- **WHAT THE EXERCISE ASKS**
Stop after the line with "text \<open>"; until then, please copy every line of the records word for word from the first.

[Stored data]
+++++

(* Let $p_\beta$ be a probability distribution on $\mathbb{R}$ with finite second moment such that $\mathbb{P}(B\neq0)\neq0$ for $B\sim p_\beta$. For $\sigma>0$ and $\tau\ge0$ let \[ R_B(\sigma,\tau;p_\beta)=\mathbb{E}\big[(\eta(B+\sigma W;\tau)-B)^2\big], \] where $B\sim p_\beta$ and $W\sim N(0,1)$ are independent and $\eta(a;\tau)=(|a|-\tau)_+\mathrm{sign}(a)$. Then $\sigma\mapsto\inf_{\tau} R_{B} (\sigma, \tau; p_\beta)$ is an increasing function of $\sigma$. *)

theory Defs
  imports "HOL-Probability.Probability"
begin

definition soft_thresh :: "real \<Rightarrow> real \<Rightarrow> real" where
  "soft_thresh a \<tau> = max (\<bar>a\<bar> - \<tau>) 0 * sgn a"

definition std_normal :: "real measure" where
  "std_normal = density lborel std_normal_density"

definition risk :: "real measure \<Rightarrow> real \<Rightarrow> real \<Rightarrow> real" where
  "risk p \<sigma> \<tau> =
     (\<integral>bw. (soft_thresh (fst bw + \<sigma> * snd bw) \<tau> - fst bw)\<^sup>2 \<partial>(p \<Otimes>\<^sub>M std_normal))"

end

theory Submission
  imports Defs "HOL-Real_Asymp.Real_Asymp"
begin

text \<open>
  For a fixed signal value \<open>b\<close> the Gaussian average \<open>E (\<eta>(b + \<sigma> W; \<tau>) - b)\<^sup>2\<close> has a closed
  form in the normal density \<open>\<phi>\<close> and its upper tail \<open>Q\<close>. Along a ray \<open>\<tau> = \<alpha> \<sigma>\<close> its
  derivative in \<open>\<sigma>\<close> is \<open>2 \<sigma>\<close> times a quantity bounded below by a Gaussian tail, uniformly for
  \<open>\<alpha>\<close> and \<open>b / \<sigma>\<close> in bounded sets. Averaging over \<open>B\<close>, for \<open>\<sigma>\<^sub>1 < \<sigma>\<^sub>2\<close> the risk at
  \<open>\<sigma>\<^sub>2\<close> exceeds the infimum at \<open>\<sigma>\<^sub>1\<close> by a fixed \<open>\<delta> > 0\<close> on every bounded range of
  thresholds. Large thresholds do not matter at \<open>\<sigma>\<^sub>2\<close>: as \<open>\<tau> \<rightarrow> \<infinity>\<close> the risk tends to
  \<open>E B\<^sup>2\<close>, whereas, because \<open>B \<noteq> 0\<close> with positive probability, the Mills ratio asymptotics of
  \<open>Q\<close> give a finite threshold with risk strictly below \<open>E B\<^sup>2\<close>.
\<close>

section \<open>Tail integrals on the real line\<close>

lemma integrable_indicator_mult:
  fixes g :: "real \<Rightarrow> real"
  assumes "integrable lborel g" and "A \<in> sets borel"
  shows "integrable lborel (\<lambda>x. indicator A x * g x)"
  using integrable_mult_indicator[of A lborel g] assms by simp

+++++

- **ANSWER TO THIS TASK**
(* Let $p_\beta$ be a probability distribution on $\mathbb{R}$ with finite second moment such that $\mathbb{P}(B\neq0)\neq0$ for $B\sim p_\beta$. For $\sigma>0$ and $\tau\ge0$ let \[ R_B(\sigma,\tau;p_\beta)=\mathbb{E}\big[(\eta(B+\sigma W;\tau)-B)^2\big], \] where $B\sim p_\beta$ and $W\sim N(0,1)$ are independent and $\eta(a;\tau)=(|a|-\tau)_+\mathrm{sign}(a)$. Then $\sigma\mapsto\inf_{\tau} R_{B} (\sigma, \tau; p_\beta)$ is an increasing function of $\sigma$. *)

theory Defs
  imports "HOL-Probability.Probability"
begin

definition soft_thresh :: "real \<Rightarrow> real \<Rightarrow> real" where
  "soft_thresh a \<tau> = max (\<bar>a\<bar> - \<tau>) 0 * sgn a"

definition std_normal :: "real measure" where
  "std_normal = density lborel std_normal_density"

definition risk :: "real measure \<Rightarrow> real \<Rightarrow> real \<Rightarrow> real" where
  "risk p \<sigma> \<tau> =
     (\<integral>bw. (soft_thresh (fst bw + \<sigma> * snd bw) \<tau> - fst bw)\<^sup>2 \<partial>(p \<Otimes>\<^sub>M std_normal))"

end

theory Submission
  imports Defs "HOL-Real_Asymp.Real_Asymp"
begin

text \<open>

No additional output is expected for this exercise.